--- Exercise data Enclosed Below ---
lemma is_state_tensor_q:
  assumes "D \<inter> E = {}" and "is_state D a" and "is_state E b"
  shows "is_state (D \<union> E) (tensor_q D E a b)"
proof -
  have "(\<Sum>x\<in>Pow (D \<union> E). (cmod (tensor_q D E a b x))\<^sup>2)
      = (\<Sum>u\<in>Pow D. \<Sum>v\<in>Pow E. (cmod (a u))\<^sup>2 * (cmod (b v))\<^sup>2)"
    unfolding sum_Pow_disjoint_Un[OF assms(1)]
    by (intro sum.cong refl) (auto simp: tensor_q_Un[OF assms(1)] norm_mult power_mult_distrib)
  also have "\<dots> = 1"
    using assms(2,3) by (simp add: is_state_def sum_product[symmetric])
  finally show ?thesis
    unfolding is_state_def .
qed

lemma is_state_basis_empty:
  assumes "finite Q"
  shows "is_state Q (\<lambda>x. if x = {} then 1 else 0)"
proof -
  have "(cmod (if x = {} then 1 else 0 :: complex))\<^sup>2 = (if x = {} then 1 else 0)" for x :: "nat set"
    by simp
  then show ?thesis
    using assms by (simp add: is_state_def)
qed

lemma is_state_normalize:
  assumes "(\<Sum>x\<in>Pow Q. (cmod (g x))\<^sup>2) = N" and "N > 0"
  shows "is_state Q (\<lambda>x. g x / complex_of_real (sqrt N))"
  using assms
  by (simp add: is_state_def norm_divide power_divide sum_divide_distrib[symmetric])

lemma eps_far_product_overlap_le:
  assumes far: "eps_far_from_product A \<epsilon> f" and "K \<noteq> {}" and "K \<subset> A"
    and g: "is_state K g" and h: "is_state (A - K) h"
  shows "(cmod (\<Sum>u\<in>Pow K. \<Sum>v\<in>Pow (A - K). cnj (f (u \<union> v)) * (g u * h v)))\<^sup>2 \<le> 1 - \<epsilon>\<^sup>2"
proof -
  let ?\<chi> = "tensor_q K (A - K) g h"
  have disj: "K \<inter> (A - K) = {}" and A: "K \<union> (A - K) = A"
    using assms(3) by blast+
  have "multipartite_product A ?\<chi>"
    unfolding multipartite_product_def
    using is_state_tensor_q[OF disj g h] A assms(2,3) g h by metis
  moreover have "inner_q A f ?\<chi> = (\<Sum>u\<in>Pow K. \<Sum>v\<in>Pow (A - K). cnj (f (u \<union> v)) * (g u * h v))"
    unfolding inner_q_def sum_Pow_split[OF psubset_imp_subset[OF assms(3)]]
    by (intro sum.cong refl) (auto simp: tensor_q_Un[OF disj])
  ultimately show ?thesis
    using far unfolding eps_far_from_product_def by metis
qed

lemma eps_far_sq_le_one:
  assumes "finite A" and "eps_far_from_product A \<epsilon> f" and "K \<noteq> {}" and "K \<subset> A"
  shows "\<epsilon>\<^sup>2 \<le> 1"
proof -
  have "finite K" and "finite (A - K)"
    using assms(1,4) finite_subset by auto
  then have "0 \<le> 1 - \<epsilon>\<^sup>2"
    using eps_far_product_overlap_le[OF assms(2-4) is_state_basis_empty is_state_basis_empty]
    by (meson order_trans zero_le_power2)
  then show ?thesis
    by simp
qed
--- End of Enclosed Exercise data ---
**Exercise goal**
An exact copy of every record is what the answer must contain.

**Answer to this problem**
lemma is_state_tensor_q:
  assumes "D \<inter> E = {}" and "is_state D a" and "is_state E b"
  shows "is_state (D \<union> E) (tensor_q D E a b)"
proof -
  have "(\<Sum>x\<in>Pow (D \<union> E). (cmod (tensor_q D E a b x))\<^sup>2)
      = (\<Sum>u\<in>Pow D. \<Sum>v\<in>Pow E. (cmod (a u))\<^sup>2 * (cmod (b v))\<^sup>2)"
    unfolding sum_Pow_disjoint_Un[OF assms(1)]
    by (intro sum.cong refl) (auto simp: tensor_q_Un[OF assms(1)] norm_mult power_mult_distrib)
  also have "\<dots> = 1"
    using assms(2,3) by (simp add: is_state_def sum_product[symmetric])
  finally show ?thesis
    unfolding is_state_def .
qed

lemma is_state_basis_empty:
  assumes "finite Q"
  shows "is_state Q (\<lambda>x. if x = {} then 1 else 0)"
proof -
  have "(cmod (if x = {} then 1 else 0 :: complex))\<^sup>2 = (if x = {} then 1 else 0)" for x :: "nat set"
    by simp
  then show ?thesis
    using assms by (simp add: is_state_def)
qed

lemma is_state_normalize:
  assumes "(\<Sum>x\<in>Pow Q. (cmod (g x))\<^sup>2) = N" and "N > 0"
  shows "is_state Q (\<lambda>x. g x / complex_of_real (sqrt N))"
  using assms
  by (simp add: is_state_def norm_divide power_divide sum_divide_distrib[symmetric])

lemma eps_far_product_overlap_le:
  assumes far: "eps_far_from_product A \<epsilon> f" and "K \<noteq> {}" and "K \<subset> A"
    and g: "is_state K g" and h: "is_state (A - K) h"
  shows "(cmod (\<Sum>u\<in>Pow K. \<Sum>v\<in>Pow (A - K). cnj (f (u \<union> v)) * (g u * h v)))\<^sup>2 \<le> 1 - \<epsilon>\<^sup>2"
proof -
  let ?\<chi> = "tensor_q K (A - K) g h"
  have disj: "K \<inter> (A - K) = {}" and A: "K \<union> (A - K) = A"
    using assms(3) by blast+
  have "multipartite_product A ?\<chi>"
    unfolding multipartite_product_def
    using is_state_tensor_q[OF disj g h] A assms(2,3) g h by metis
  moreover have "inner_q A f ?\<chi> = (\<Sum>u\<in>Pow K. \<Sum>v\<in>Pow (A - K). cnj (f (u \<union> v)) * (g u * h v))"
    unfolding inner_q_def sum_Pow_split[OF psubset_imp_subset[OF assms(3)]]
    by (intro sum.cong refl) (auto simp: tensor_q_Un[OF disj])
  ultimately show ?thesis
    using far unfolding eps_far_from_product_def by metis
qed

lemma eps_far_sq_le_one:
  assumes "finite A" and "eps_far_from_product A \<epsilon> f" and "K \<noteq> {}" and "K \<subset> A"
  shows "\<epsilon>\<^sup>2 \<le> 1"
proof -
  have "finite K" and "finite (A - K)"
    using assms(1,4) finite_subset by auto
  then have "0 \<le> 1 - \<epsilon>\<^sup>2"
    using eps_far_product_overlap_le[OF assms(2-4) is_state_basis_empty is_state_basis_empty]
    by (meson order_trans zero_le_power2)
  then show ?thesis
    by simp
qed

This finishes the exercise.